Find the lines in these entries that include the word "lemma" and state how many there are, with no other words.

•••••

lemma integral_scaled_powr:
  assumes "\<And>x. x > 0 \<Longrightarrow> f x = k * x powr (th - gam)"
  shows "integral {x0 gam..} f = k * moment"
proof -
  have "integral {x0 gam..} f = integral {x0 gam..} (\<lambda>x. k * x powr (th - gam))"
    using assms x0_pos[OF gam] by (intro integral_cong) auto
  also have "\<dots> = k * moment"
    unfolding integral_mult_right moment_def using x0_powr_integral gam th by simp
  finally show ?thesis .
qed

lemma welfare_eq:
  assumes "y > 0"
  shows "welfare gam bet lam th a y = p1 * tau y powr th + p2 * tau y - a * Yb * (tau y)^2"
proof -
  let ?c = "Yb * tau y"
  have c: "?c > 0"
    using Yb_pos tau_pos[OF assms] by simp
  have "integral {x0 gam..} (\<lambda>x. phi th (x * ?c) * x powr (- gam)) = ?c powr th * moment"
    using c by (intro integral_scaled_powr) (simp add: phi_def powr_mult powr_add[symmetric])
  then show ?thesis
    unfolding welfare_def sqrt_Yb_Yf[OF assms] unfolding Yf_eq_tau[OF assms] p1_def p2_def
    using Yb_pos tau_pos[OF assms] by (simp add: powr_mult algebra_simps)
qed

lemma gfun_eq:
  assumes "y > 0"
  shows "Yb * gfun gam bet lam th y = g (tau y)"
proof -
  let ?t = "tau y" and ?X = "x0 gam"
  define k where "k = (gam-2) / (gam-1)"
  let ?P = "?X powr th * Yb powr th * ?t powr th"
  have pos: "?t > 0" "?X > 0" "Yb > 0"
    using tau_pos[OF assms] x0_pos[OF gam] Yb_pos by auto
  have k: "k * Xbar gam = ?X"
    unfolding k_def using Xbar_eq[OF gam] gam by simp
  have "phi' th (?X * (Yb * ?t)) = th * ?P / (?X * Yb * ?t)"
    unfolding phi'_def using pos by (simp add: powr_diff powr_mult)
  moreover have "Xbar gam * sqrt Yb / sqrt (Yf bet y) = Xbar gam / ?t"
    using Yf_eq_tau[OF assms] pos by (simp add: real_sqrt_mult)
  ultimately have "Yb * gfun gam bet lam th y
      = Yb * (1/2 * (k * (th * ?P / (?X * Yb * ?t)) + lam) * (Xbar gam / ?t))"
    unfolding gfun_def sqrt_Yb_Yf[OF assms] k_def by simp
  also have "\<dots> = (k * Xbar gam) * th * ?P / (2 * ?X * ?t^2) + p2 / (2 * ?t)"
    unfolding p2_def using pos by (simp add: field_simps power2_eq_square)
  also have "\<dots> = g ?t"
    unfolding k reduced_g_def p1_def r_moment[symmetric] using pos by (simp add: field_simps)
  finally show ?thesis .
qed

lemma zeta_eq: "Yb * zeta gam bet lam th = th/2 * p1 + p2/2"
proof -
  define F where "F = 1/2 * ((gam-2)/(gam-1) * phi' th (Yb * x0 gam) + lam) * Xbar gam"
  define S where "S = 1/2 * (integral {x0 gam..} (\<lambda>x. phi' th (x * Yb) * x powr (1 - gam))
                              + lam * Xbar gam)"
  have "Yb * F = Yb * gfun gam bet lam th (y0 bet)"
    unfolding F_def gfun_def Ybar_def[symmetric] using Yb_pos by (simp add: mult.commute)
  also have "\<dots> = g 1"
    using gfun_eq[OF y0_gt_0] tau_y0 by simp
  finally have "Yb * F < th/2 * p1 + p2/2"
    using reduced_g_1_less by simp
  moreover have "integral {x0 gam..} (\<lambda>x. phi' th (x * Yb) * x powr (1 - gam))
                   = th * Yb powr (th-1) * moment"
    using Yb_pos by (intro integral_scaled_powr)
      (simp add: phi'_def powr_mult powr_add[symmetric] algebra_simps)
  then have "Yb * S = th/2 * p1 + p2/2"
    unfolding S_def p1_def p2_def using Yb_pos by (simp add: powr_diff field_simps)
  ultimately have "F < S"
    using Yb_pos by (metis mult_less_cancel_left_pos)
  then show ?thesis
    unfolding zeta_def F_def[symmetric] S_def[symmetric] using \<open>Yb * S = _\<close> by simp
qed

lemma ystar_eq:
  assumes "0 < t" "t < 1" "Yb * a = g t"
  shows "ystar gam bet lam th a > 0" "tau (ystar gam bet lam th a) = t"
proof -
  define y where "y = y0 bet * t powr (2 / (2-bet))"
  have "y / y0 bet = t powr (2 / (2-bet))"
    unfolding y_def using y0_gt_0 by simp
  then have "tau y = t powr (2 / (2-bet) * ((2-bet) / 2))"
    unfolding tau_def by (simp only: powr_powr)
  also have "2 / (2-bet) * ((2-bet) / 2) = 1"
    using bet by simp
  finally have "tau y = t"
    using assms by simp
  have "1 < t powr (2 / (2-bet))"
    using powr_less_mono2_neg[of "2 / (2-bet)" t 1] assms bet by (simp add: divide_neg_pos)
  then have "y0 bet < y"
    unfolding y_def using y0_gt_0 by simp
  have "Yb * gfun gam bet lam th y = Yb * a"
    using gfun_eq[of y] \<open>y0 bet < y\<close> y0_gt_0 \<open>tau y = t\<close> assms by simp
  then have "gfun gam bet lam th y = a"
    using Yb_pos by simp
  moreover have "y' = y" if "y0 bet \<le> y'" "gfun gam bet lam th y' = a" for y'
  proof -
    have "y' > 0"
      using that y0_gt_0 by linarith
    then have "tau y' = t"
      using reduced_g_inj[of "tau y'" t] gfun_eq[of y'] tau_pos that assms by simp
    with \<open>y' > 0\<close> \<open>y0 bet < y\<close> \<open>tau y = t\<close> show "y' = y"
      using tau_strict_antimono y0_gt_0 by (metis linorder_neq_iff order_less_irrefl order_less_trans)
  qed
  ultimately have "ystar gam bet lam th a = y"
    unfolding ystar_def using \<open>y0 bet < y\<close> by (intro the_equality) auto
  then show "ystar gam bet lam th a > 0" "tau (ystar gam bet lam th a) = t"
    using \<open>y0 bet < y\<close> y0_gt_0 \<open>tau y = t\<close> by auto
qed

lemma S_NN_minus_S_RM:
  assumes "0 < t" "t < 1" "Yb * a = g t"
  shows "S_NN gam bet lam th a - S_RM gam bet lam th a = gap t"
proof -
  have "S_NN gam bet lam th a = p1 + p2 - a * Yb"
    unfolding S_NN_def using welfare_eq[OF y0_gt_0] tau_y0 by simp
  moreover have "S_RM gam bet lam th a = p1 * t powr th + p2 * t - a * Yb * t^2"
    unfolding S_RM_def using welfare_eq ystar_eq[OF assms] by simp
  ultimately show ?thesis
    unfolding reduced_gap_def assms(3)[symmetric] by (simp add: algebra_simps)
qed

lemma welfare_threshold:
  obtains abar where "abar > zeta gam bet lam th"
    "\<And>a. zeta gam bet lam th < a \<Longrightarrow> a < abar \<Longrightarrow> S_NN gam bet lam th a > S_RM gam bet lam th a"
    "\<And>a. abar < a \<Longrightarrow> S_RM gam bet lam th a > S_NN gam bet lam th a"
proof -
  obtain t0 where t0: "0 < t0" "t0 < 1" "g t0 > th/2 * p1 + p2/2"
    and neg: "\<And>t. 0 < t \<Longrightarrow> t < t0 \<Longrightarrow> gap t < 0"
    and pos: "\<And>t. t0 < t \<Longrightarrow> t < 1 \<Longrightarrow> gap t > 0"
    using reduced_gap_single_crossing by blast
  define abar where "abar = g t0 / Yb"
  have abar: "Yb * abar = g t0"
    unfolding abar_def using Yb_pos by simp
  have "Yb * zeta gam bet lam th < Yb * abar"
    using zeta_eq abar t0(3) by simp
  then have zeta_less: "zeta gam bet lam th < abar"
    using Yb_pos by simp
  have sign: "(a < abar \<longrightarrow> S_NN gam bet lam th a > S_RM gam bet lam th a) \<and>
                 (abar < a \<longrightarrow> S_RM gam bet lam th a > S_NN gam bet lam th a)"
    if "zeta gam bet lam th < a" for a
  proof -
    have "g 1 < Yb * a"
      using reduced_g_1_less zeta_eq mult_strict_left_mono[OF that Yb_pos] by simp
    then obtain t where t: "0 < t" "t < 1" "g t = Yb * a"
      using reduced_g_attains by blast
    have "a < abar \<longleftrightarrow> Yb * a < Yb * abar" "abar < a \<longleftrightarrow> Yb * abar < Yb * a"
      using Yb_pos by simp_all
    then have "a < abar \<longleftrightarrow> t0 < t" "abar < a \<longleftrightarrow> t < t0"
      using reduced_g_less_iff[OF t(1) t0(1)] reduced_g_less_iff[OF t0(1) t(1)] t(3) abar
      by simp_all
    moreover have "S_NN gam bet lam th a - S_RM gam bet lam th a = gap t"
      using S_NN_minus_S_RM[OF t(1,2) t(3)[symmetric]] .
    ultimately show ?thesis
      using neg[OF t(1)] pos[OF _ t(2)] by (intro conjI impI) simp_all
  qed
  show thesis
  proof (rule that)
    show "zeta gam bet lam th < abar"
      by (fact zeta_less)
    show "S_NN gam bet lam th a > S_RM gam bet lam th a"
      if "zeta gam bet lam th < a" and "a < abar" for a
      using sign \<open>zeta gam bet lam th < a\<close> \<open>a < abar\<close> by simp
    show "S_RM gam bet lam th a > S_NN gam bet lam th a" if "abar < a" for a
      using sign zeta_less \<open>abar < a\<close> by simp
  qed
qed

end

•••••

== EXERCISE SOLUTION ==
7